2018-09-25

structure of all models, ever; correlation-function representation

Early in the day I had a long conversation with Leistedt (NYU) about the philosophy of our machine-learning projects. We refined further our view that the machine learning should be part of a larger causal structure that makes sense. My position is that you can think of most (hard) physics problems as having some kind of generalized graphical model with a three high-level boxes. One is called “things I know well but don't care about”, which is things like noise model, instrument model, and calibration parameters. Another is called “things I don't know and don't care about” which is things like foregrounds, backgrounds, and other nuisances. And the last is called “things I don't know and deeply care about”. This last one is our rigid physics model. And the middle one is where the machine learning goes! If we could build models like this very generally, we would be infinitely powerful.

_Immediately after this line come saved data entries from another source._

(* Let $l\ge2$, $d\ge2$ and $X=X_{l,d}$. Under the action of the torus $T$ on $\mathbb{T}^1=\mathrm{Ext}^1(\Omega^1_X,\mathcal{O}_X)$, with character group identified with $M_0=\{u\in M:\deg(u)=0\}$, one has the weight decomposition $\mathbb{T}^1=\bigoplus_{u\in\Phi}\mathbb{T}^1_u$ with $\dim\mathbb{T}^1_u=1$ for every $u\in\Phi$, where $\Psi=\{u\in M_0:u+\epsilon\in\sigma^\vee\}$ and $\Phi=\Psi\setminus\{e_{ij}-e_{i'j'}:1\le i,i'\le l,\ 1\le j,j'\le d\}$.
   Context: $X_{l,d}=\{x_{11}\cdots x_{1d}+\dots+x_{l1}\cdots x_{ld}=0\}\subset\mathbb{P}^{ld-1}$. $\mathbf{Z}^{ld}$ has basis $e_{ij}$, $\epsilon_i=\sum_je_{ij}$, $M=\mathbf{Z}^{ld}/\langle\epsilon_1-\epsilon_2,\dots,\epsilon_1-\epsilon_l\rangle$ with images $e_{ij}$ and $\epsilon=\epsilon_1=\dots=\epsilon_l$; $\deg\colon M\to\mathbf{Z}$, $e_{ij}\mapsto1$; $\sigma^\vee$ is the cone in $M_\mathbf{R}$ generated by the $e_{ij}$. $\widetilde T=\{\mathrm{diag}(\lambda_{ij}):\prod_j\lambda_{1j}=\dots=\prod_j\lambda_{lj}\}\cong\mathrm{Spec}\,\mathbf{C}[M]$ (character $e_{ij}\leftrightarrow\lambda_{ij}$), $T=\widetilde T/\mathbf{C}^*$ with character group $M_0$. $T$ acts on $\mathbb{T}^1$, identified with $\mathbf{C}[x_{ij}]_d/\mathrm{span}\langle x_{i'j'}\prod_{k\ne j}x_{ik}\rangle$, by $\lambda\cdot g(x)=g(\lambda\cdot x)/(\lambda_{11}\cdots\lambda_{1d})$. *)

theory Defs
  imports Complex_Main "HOL-Library.Function_Algebras"
begin

definition idx :: "nat \<Rightarrow> nat \<Rightarrow> (nat \<times> nat) set" where
  "idx l d = {1..l} \<times> {1..d}"

text \<open>Z^{ld}: integer vectors supported on idx.\<close>
definition Zvec :: "nat \<Rightarrow> nat \<Rightarrow> (nat \<times> nat \<Rightarrow> int) set" where
  "Zvec l d = {v. \<forall>p. p \<notin> idx l d \<longrightarrow> v p = 0}"

text \<open>Basis vector e_ij and eps_i = sum_j e_ij (as real/int-valued functions).\<close>
definition ebas :: "nat \<Rightarrow> nat \<Rightarrow> nat \<times> nat \<Rightarrow> int" where
  "ebas i j = (\<lambda>p. if p = (i, j) then 1 else 0)"

definition epsv :: "nat \<Rightarrow> nat \<Rightarrow> nat \<times> nat \<Rightarrow> int" where
  "epsv d i = (\<lambda>(a, b). if a = i \<and> b \<in> {1..d} then 1 else 0)"

text \<open>Equality in M = Z^{ld} / <eps_1 - eps_2, ..., eps_1 - eps_l> of the classes of two
  representatives.\<close>
definition Meq :: "nat \<Rightarrow> nat \<Rightarrow> (nat \<times> nat \<Rightarrow> int) \<Rightarrow> (nat \<times> nat \<Rightarrow> int) \<Rightarrow> bool" where
  "Meq l d v w \<longleftrightarrow> (\<exists>c :: nat \<Rightarrow> int. \<forall>p \<in> idx l d.
      v p - w p = (\<Sum>k\<in>{2..l}. c k * (epsv d 1 p - epsv d k p)))"

definition degM :: "nat \<Rightarrow> nat \<Rightarrow> (nat \<times> nat \<Rightarrow> int) \<Rightarrow> int" where
  "degM l d v = (\<Sum>p\<in>idx l d. v p)"

text \<open>Membership of the class of u in sigma-dual, the cone in M_R generated by the e_ij:
  u = sum c_ij e_ij in M_R with c_ij >= 0, i.e. modulo the real span of eps_1 - eps_k.\<close>
definition in_sigma_dual :: "nat \<Rightarrow> nat \<Rightarrow> (nat \<times> nat \<Rightarrow> int) \<Rightarrow> bool" where
  "in_sigma_dual l d u \<longleftrightarrow> (\<exists>c :: nat \<times> nat \<Rightarrow> real. (\<forall>p \<in> idx l d. c p \<ge> 0) \<and>
      (\<exists>r :: nat \<Rightarrow> real. \<forall>p \<in> idx l d.
         real_of_int (u p) - c p = (\<Sum>k\<in>{2..l}. r k * real_of_int (epsv d 1 p - epsv d k p))))"

text \<open>Psi = {u in M_0 : u + eps in sigma-dual} (on representatives u in Z^{ld}).\<close>
definition inPsi :: "nat \<Rightarrow> nat \<Rightarrow> (nat \<times> nat \<Rightarrow> int) \<Rightarrow> bool" where
  "inPsi l d u \<longleftrightarrow> u \<in> Zvec l d \<and> degM l d u = 0 \<and>
      in_sigma_dual l d (\<lambda>p. u p + epsv d 1 p)"

definition inPhi :: "nat \<Rightarrow> nat \<Rightarrow> (nat \<times> nat \<Rightarrow> int) \<Rightarrow> bool" where
  "inPhi l d u \<longleftrightarrow> inPsi l d u \<and>
     \<not> (\<exists>i\<in>{1..l}. \<exists>j\<in>{1..d}. \<exists>i'\<in>{1..l}. \<exists>j'\<in>{1..d}.
          Meq l d u (\<lambda>p. ebas i j p - ebas i' j' p))"

text \<open>Polynomials in the variables x_ij, represented by their coefficient functions on
  exponent vectors (nat x nat => nat).  Complex vector space structure: pointwise.\<close>
type_synonym expo = "nat \<times> nat \<Rightarrow> nat"
type_synonym cpoly = "expo \<Rightarrow> complex"

definition sc :: "complex \<Rightarrow> cpoly \<Rightarrow> cpoly" where
  "sc c g = (\<lambda>a. c * g a)"

definition mons :: "nat \<Rightarrow> nat \<Rightarrow> expo set" where
  "mons l d = {a. (\<forall>p. p \<notin> idx l d \<longrightarrow> a p = 0) \<and> (\<Sum>p\<in>idx l d. a p) = d}"

definition Pd :: "nat \<Rightarrow> nat \<Rightarrow> cpoly set" where
  "Pd l d = {g. \<forall>a. g a \<noteq> 0 \<longrightarrow> a \<in> mons l d}"

definition monomial :: "expo \<Rightarrow> cpoly" where
  "monomial a = (\<lambda>b. if b = a then 1 else 0)"

definition relexp :: "nat \<Rightarrow> nat \<Rightarrow> nat \<Rightarrow> nat \<Rightarrow> nat \<Rightarrow> expo" where
  "relexp d i j i' j' = (\<lambda>p. (if p = (i', j') then 1 else 0)
       + (if fst p = i \<and> snd p \<in> {1..d} - {j} then 1 else 0))"

definition Rel :: "nat \<Rightarrow> nat \<Rightarrow> cpoly set" where
  "Rel l d = module.span sc
     {monomial (relexp d i j i' j') | i j i' j'.
        i \<in> {1..l} \<and> j \<in> {1..d} \<and> i' \<in> {1..l} \<and> j' \<in> {1..d}}"

text \<open>The torus T-tilde (points are diagonal matrices, given by their entries lambda_ij).\<close>
definition Ttil :: "nat \<Rightarrow> nat \<Rightarrow> (nat \<times> nat \<Rightarrow> complex) set" where
  "Ttil l d = {lam. (\<forall>p\<in>idx l d. lam p \<noteq> 0) \<and>
      (\<forall>i\<in>{1..l}. (\<Prod>j\<in>{1..d}. lam (i, j)) = (\<Prod>j\<in>{1..d}. lam (1, j)))}"

text \<open>The action lam . g(x) = g(lam . x) / (lam_11 ... lam_1d), written on coefficients:
  the monomial x^a is sent to lam^a x^a / (lam_11 ... lam_1d).\<close>
definition act :: "nat \<Rightarrow> nat \<Rightarrow> (nat \<times> nat \<Rightarrow> complex) \<Rightarrow> cpoly \<Rightarrow> cpoly" where
  "act l d lam g = (\<lambda>a. g a * (\<Prod>p\<in>idx l d. lam p ^ a p) / (\<Prod>j\<in>{1..d}. lam (1, j)))"

definition chi :: "nat \<Rightarrow> nat \<Rightarrow> (nat \<times> nat \<Rightarrow> int) \<Rightarrow> (nat \<times> nat \<Rightarrow> complex) \<Rightarrow> complex" where
  "chi l d u lam = (\<Prod>p\<in>idx l d. lam p powi u p)"

text \<open>Preimage in C[x]_d of the weight space T^1_u of T^1 = C[x]_d / Rel.\<close>
definition wpre :: "nat \<Rightarrow> nat \<Rightarrow> (nat \<times> nat \<Rightarrow> int) \<Rightarrow> cpoly set" where
  "wpre l d u = {g \<in> Pd l d. \<forall>lam \<in> Ttil l d.
      act l d lam g - sc (chi l d u lam) g \<in> Rel l d}"

text \<open>dim T^1_u = dim (wpre u / Rel) = dim (wpre u) - dim Rel (finite dimensional).\<close>
definition dimT1w :: "nat \<Rightarrow> nat \<Rightarrow> (nat \<times> nat \<Rightarrow> int) \<Rightarrow> nat" where
  "dimT1w l d u = vector_space.dim sc (wpre l d u) - vector_space.dim sc (Rel l d)"

end

(*
  The torus acts diagonally on monomials: x^a has weight a - eps_1 in M, and the characters
  of T separate the points of M. Hence T^1_u is spanned by the monomials of weight u that
  are not relation monomials x_i'j' * prod_{k ~= j} x_ik. Two distinct monomials of degree d
  with the same weight differ by sum_i s_i eps_i with sum_i s_i = 0 and some s_i > 0, so the
  first is divisible by x_i1 ... x_id and is therefore itself a relation monomial: every
  weight space has dimension at most one. A weight u of degree 0 is carried by some monomial
  iff u + eps_1 is a lattice point of sigma-dual (the e_ij generate its lattice points, by
  rounding a real solution), and this monomial avoids the relations iff u is not of the form
  e_ij - e_i'j', since that is exactly the weight of a relation monomial.
*)

theory Submission
  imports Defs
begin

section \<open>Polynomials supported on a set of exponents\<close>

interpretation vs: vector_space sc
  by unfold_locales (auto simp: sc_def fun_eq_iff algebra_simps)

lemma sum_fun_apply: "(\<Sum>a\<in>S. f a) x = (\<Sum>a\<in>S. f a x)"
  for f :: "'b \<Rightarrow> 'c \<Rightarrow> 'd::comm_monoid_add"
  by (induction S rule: infinite_finite_induct) auto

definition supported_on :: "expo set \<Rightarrow> cpoly set" where
  "supported_on S = {g. \<forall>a. g a \<noteq> 0 \<longrightarrow> a \<in> S}"

lemma subspace_supported_on: "vs.subspace (supported_on S)"
  unfolding vs.subspace_def supported_on_def sc_def
  by (auto, metis add.right_neutral)

lemma span_monomials:
  assumes "finite S"
  shows "vs.span (monomial ` S) = supported_on S"
proof
  show "vs.span (monomial ` S) \<subseteq> supported_on S"
    by (rule vs.span_minimal[OF _ subspace_supported_on])
      (auto simp: supported_on_def monomial_def split: if_splits)
  show "supported_on S \<subseteq> vs.span (monomial ` S)"
  proof
    fix g assume g: "g \<in> supported_on S"
    have "g = (\<Sum>a\<in>S. sc (g a) (monomial a))"
    proof
      fix b
      have "(\<Sum>a\<in>S. sc (g a) (monomial a)) b = (\<Sum>a\<in>S. if b = a then g a else 0)"
        by (simp add: sum_fun_apply sc_def monomial_def) (rule sum.cong, auto)
      also have "\<dots> = g b" using g assms by (auto simp: supported_on_def)
      finally show "g b = (\<Sum>a\<in>S. sc (g a) (monomial a)) b" by simp
    qed
    also have "\<dots> \<in> vs.span (monomial ` S)"
      by (intro vs.span_sum vs.span_scale vs.span_base) auto
    finally show "g \<in> vs.span (monomial ` S)" .
  qed
qed

lemma inj_monomial: "inj monomial"
  by (auto simp: inj_def monomial_def fun_eq_iff split: if_splits)

lemma independent_monomials: "vs.independent (monomial ` S)"
  unfolding vs.independent_explicit_module
proof (intro allI impI)
  fix t u v
  assume t: "finite t" "t \<subseteq> monomial ` S" and s: "(\<Sum>v\<in>t. sc (u v) v) = 0" and v: "v \<in> t"
  then obtain a where a: "v = monomial a" by auto
  have "0 = (\<Sum>w\<in>t. u w * w a)"
    using fun_cong[OF s, of a] by (simp add: sum_fun_apply sc_def)
  also have "\<dots> = (\<Sum>w\<in>t. if w = v then u v else 0)"
  proof (rule sum.cong)
    fix w assume "w \<in> t"
    then obtain b where b: "w = monomial b" using t by auto
    show "u w * w a = (if w = v then u v else 0)"
      using a b by (cases "a = b") (simp, auto simp: monomial_def fun_eq_iff)
  qed simp
  also have "\<dots> = u v" using t v by simp
  finally show "u v = 0" by simp
qed

lemma dim_supported_on:
  assumes "finite S"
  shows "vs.dim (supported_on S) = card S"
proof -
  have "vs.dim (supported_on S) = card (monomial ` S)"
    unfolding span_monomials[OF assms, symmetric]
    by (rule vs.dim_span_eq_card_independent[OF independent_monomials])
  also have "\<dots> = card S" by (rule card_image) (meson inj_monomial inj_on_subset subset_UNIV)
  finally show ?thesis .
qed

lemma idx_iff: "(i, j) \<in> idx l d \<longleftrightarrow> i \<in> {1..l} \<and> j \<in> {1..d}"
  by (simp add: idx_def)

lemma finite_idx: "finite (idx l d)"
  by (simp add: idx_def)

lemma sum_idx: "(\<Sum>p\<in>idx l d. g p) = (\<Sum>i\<in>{1..l}. \<Sum>j\<in>{1..d}. g (i, j))"
  unfolding idx_def by (simp add: sum.cartesian_product)

lemma prod_idx: "(\<Prod>p\<in>idx l d. g p) = (\<Prod>i\<in>{1..l}. \<Prod>j\<in>{1..d}. g (i, j))"
  unfolding idx_def by (simp add: prod.cartesian_product)

lemma sum_atLeast1_atMost_split: "(l::nat) \<ge> 1 \<Longrightarrow> (\<Sum>i\<in>{1..l}. f i) = f 1 + (\<Sum>i\<in>{2..l}. f i)"
  using sum.atLeast_Suc_atMost[of 1 l f] by (simp add: numeral_2_eq_2)

lemma finite_mons: "finite (mons l d)"
proof -
  have "mons l d \<subseteq> {f. \<forall>x. (x \<in> idx l d \<longrightarrow> f x \<in> {0..d}) \<and> (x \<notin> idx l d \<longrightarrow> f x = 0)}"
  proof safe
    fix a x assume a: "a \<in> mons l d" and x: "x \<in> idx l d"
    have "a x \<le> (\<Sum>p\<in>idx l d. a p)" by (rule member_le_sum) (use x finite_idx in auto)
    then show "a x \<in> {0..d}" using a by (auto simp: mons_def)
  qed (auto simp: mons_def)
  then show ?thesis
    by (rule finite_subset) (intro finite_set_of_finite_funs finite_idx, simp)
qed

At mid-day, Storey-Fisher and I talked about all the things we could do if we had a correlation function that is not values-in-bins, but was a linear combination of functions. We could look for cosmological gradients. We could do clustering multipoles at small scales, we could estimate the correlation function and power spectrum simultaneously, we could extract Fisher-optimal summary statistics for cosmological parameter estimation. And all these things are possible with our new correlation-function estimator. Next step: Getting the code fast enough to do non-trivial tests.

In the astro seminar at NYU, Savvas Koushiappas (Brown) showed us weak but very interesting evidence that maybe there is a dark-matter annihilation signature in the NASA Fermi data on the Reticulum II dwarf galaxy. Obviously this is incredibly important if it holds up as more data and better calibrations come.